lemma rank_reduction:
  assumes f: "f \<in> mult_ops" and I: "finite I" and g: "range g \<subseteq> span_over even_center I v"
    and "g x \<noteq> 0" and "f (g x) = 0"
  shows "\<exists>j\<in>I. range (\<lambda>y. f (g y)) \<subseteq> span_over even_center (I - {j}) (\<lambda>i. f (v i))"
proof -
  have lin: "linear_over even_center f" using mult_ops_linear[OF f] .
  obtain c where c: "\<forall>i\<in>I. c i \<in> even_center" "g x = (\<Sum>i\<in>I. c i * v i)"
    using g unfolding span_over_def by blast
  obtain j where j: "j \<in> I" "c j \<noteq> 0"
    using c(2) \<open>g x \<noteq> 0\<close> by (metis (no_types, lifting) mult_zero_left sum.neutral)
  have "(\<Sum>i\<in>I. c i * f (v i)) = 0"
    using linear_over_sum[OF lin I c(1)] c(2) \<open>f (g x) = 0\<close> by simp
  then have "f (v j) \<in> span_over even_center (I - {j}) (\<lambda>i. f (v i))"
    using span_over_dependent[OF I j(1) c(1) j(2), where w = "\<lambda>i. f (v i)"] by simp
  then have "span_over even_center I (\<lambda>i. f (v i)) \<subseteq> span_over even_center (I - {j}) (\<lambda>i. f (v i))"
    using span_over_remove[OF I j(1), where w = "\<lambda>i. f (v i)"] by simp
  moreover have "f (g y) \<in> span_over even_center I (\<lambda>i. f (v i))" for y
    using linear_over_image_span[OF lin I] g by blast
  ultimately show ?thesis using j(1) by blast
qed

lemma exists_minimal_rank_op:
  assumes "fin_dim_over even_center"
  obtains g x where "g \<in> mult_ops" and "g x \<noteq> 0"
    and "\<And>f y. f \<in> mult_ops \<Longrightarrow> f (g x) = 0 \<Longrightarrow> f (g y) = 0"
proof -
  define has_rank where "has_rank r \<longleftrightarrow> (\<exists>g\<in>mult_ops. (\<exists>x. g x \<noteq> 0) \<and>
      (\<exists>(I::'a set) v. finite I \<and> card I = r \<and> range g \<subseteq> span_over even_center I v))" for r
  obtain S where S: "finite S" "UNIV \<subseteq> span_over even_center S (\<lambda>s. s)"
    using assms fin_dim_over_iff by blast
  have "\<exists>(I::'a set) v. finite I \<and> card I = card S \<and> range (\<lambda>x. x) \<subseteq> span_over even_center I v"
    using S by (intro exI[of _ S] exI[of _ "\<lambda>s. s"]) simp
  moreover have "\<exists>x::'a. x \<noteq> 0" using one_neq_zero by blast
  ultimately have "has_rank (card S)"
    unfolding has_rank_def by (intro bexI[OF _ mult_ops_id] conjI)
  define r where "r = (LEAST r. has_rank r)"
  have "has_rank r" unfolding r_def by (rule LeastI) fact
  then obtain g x and I :: "'a set" and v where g: "g \<in> mult_ops" "g x \<noteq> 0" "finite I" "card I = r"
      "range g \<subseteq> span_over even_center I v"
    unfolding has_rank_def by blast
  show ?thesis
  proof (rule that[OF g(1,2)])
    fix f y assume f: "f \<in> mult_ops" "f (g x) = 0"
    show "f (g y) = 0"
    proof (rule ccontr)
      assume "f (g y) \<noteq> 0"
      obtain j where j: "j \<in> I"
        "range (\<lambda>y. f (g y)) \<subseteq> span_over even_center (I - {j}) (\<lambda>i. f (v i))"
        using rank_reduction[OF f(1) g(3) g(5) g(2) f(2)] by blast
      have "\<exists>(I'::'a set) v'. finite I' \<and> card I' = card (I - {j})
          \<and> range (\<lambda>y. f (g y)) \<subseteq> span_over even_center I' v'"
        using g(3) j(2) by (intro exI[of _ "I - {j}"] exI[of _ "\<lambda>i. f (v i)"]) simp
      moreover have "\<exists>y. f (g y) \<noteq> 0" using \<open>f (g y) \<noteq> 0\<close> by blast
      ultimately have "has_rank (card (I - {j}))"
        unfolding has_rank_def by (intro bexI[OF _ mult_ops.comp[OF f(1) g(1)]] conjI)
      moreover have "card (I - {j}) < r" using card_Diff1_less[OF g(3) j(1)] g(4) by simp
      ultimately show False unfolding r_def using not_less_Least by blast
    qed
  qed
qed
------------------------------------------------------------
About this task:
Would you reproduce all of the data exactly, without a single alteration?

Response:
lemma rank_reduction:
  assumes f: "f \<in> mult_ops" and I: "finite I" and g: "range g \<subseteq> span_over even_center I v"
    and "g x \<noteq> 0" and "f (g x) = 0"
  shows "\<exists>j\<in>I. range (\<lambda>y. f (g y)) \<subseteq> span_over even_center (I - {j}) (\<lambda>i. f (v i))"
proof -
  have lin: "linear_over even_center f" using mult_ops_linear[OF f] .
  obtain c where c: "\<forall>i\<in>I. c i \<in> even_center" "g x = (\<Sum>i\<in>I. c i * v i)"
    using g unfolding span_over_def by blast
  obtain j where j: "j \<in> I" "c j \<noteq> 0"
    using c(2) \<open>g x \<noteq> 0\<close> by (metis (no_types, lifting) mult_zero_left sum.neutral)
  have "(\<Sum>i\<in>I. c i * f (v i)) = 0"
    using linear_over_sum[OF lin I c(1)] c(2) \<open>f (g x) = 0\<close> by simp
  then have "f (v j) \<in> span_over even_center (I - {j}) (\<lambda>i. f (v i))"
    using span_over_dependent[OF I j(1) c(1) j(2), where w = "\<lambda>i. f (v i)"] by simp
  then have "span_over even_center I (\<lambda>i. f (v i)) \<subseteq> span_over even_center (I - {j}) (\<lambda>i. f (v i))"
    using span_over_remove[OF I j(1), where w = "\<lambda>i. f (v i)"] by simp
  moreover have "f (g y) \<in> span_over even_center I (\<lambda>i. f (v i))" for y
    using linear_over_image_span[OF lin I] g by blast
  ultimately show ?thesis using j(1) by blast
qed

lemma exists_minimal_rank_op:
  assumes "fin_dim_over even_center"
  obtains g x where "g \<in> mult_ops" and "g x \<noteq> 0"
    and "\<And>f y. f \<in> mult_ops \<Longrightarrow> f (g x) = 0 \<Longrightarrow> f (g y) = 0"
proof -
  define has_rank where "has_rank r \<longleftrightarrow> (\<exists>g\<in>mult_ops. (\<exists>x. g x \<noteq> 0) \<and>
      (\<exists>(I::'a set) v. finite I \<and> card I = r \<and> range g \<subseteq> span_over even_center I v))" for r
  obtain S where S: "finite S" "UNIV \<subseteq> span_over even_center S (\<lambda>s. s)"
    using assms fin_dim_over_iff by blast
  have "\<exists>(I::'a set) v. finite I \<and> card I = card S \<and> range (\<lambda>x. x) \<subseteq> span_over even_center I v"
    using S by (intro exI[of _ S] exI[of _ "\<lambda>s. s"]) simp
  moreover have "\<exists>x::'a. x \<noteq> 0" using one_neq_zero by blast
  ultimately have "has_rank (card S)"
    unfolding has_rank_def by (intro bexI[OF _ mult_ops_id] conjI)
  define r where "r = (LEAST r. has_rank r)"
  have "has_rank r" unfolding r_def by (rule LeastI) fact
  then obtain g x and I :: "'a set" and v where g: "g \<in> mult_ops" "g x \<noteq> 0" "finite I" "card I = r"
      "range g \<subseteq> span_over even_center I v"
    unfolding has_rank_def by blast
  show ?thesis
  proof (rule that[OF g(1,2)])
    fix f y assume f: "f \<in> mult_ops" "f (g x) = 0"
    show "f (g y) = 0"
    proof (rule ccontr)
      assume "f (g y) \<noteq> 0"
      obtain j where j: "j \<in> I"
        "range (\<lambda>y. f (g y)) \<subseteq> span_over even_center (I - {j}) (\<lambda>i. f (v i))"
        using rank_reduction[OF f(1) g(3) g(5) g(2) f(2)] by blast
      have "\<exists>(I'::'a set) v'. finite I' \<and> card I' = card (I - {j})
          \<and> range (\<lambda>y. f (g y)) \<subseteq> span_over even_center I' v'"
        using g(3) j(2) by (intro exI[of _ "I - {j}"] exI[of _ "\<lambda>i. f (v i)"]) simp
      moreover have "\<exists>y. f (g y) \<noteq> 0" using \<open>f (g y) \<noteq> 0\<close> by blast
      ultimately have "has_rank (card (I - {j}))"
        unfolding has_rank_def by (intro bexI[OF _ mult_ops.comp[OF f(1) g(1)]] conjI)
      moreover have "card (I - {j}) < r" using card_Diff1_less[OF g(3) j(1)] g(4) by simp
      ultimately show False unfolding r_def using not_less_Least by blast
    qed
  qed
qed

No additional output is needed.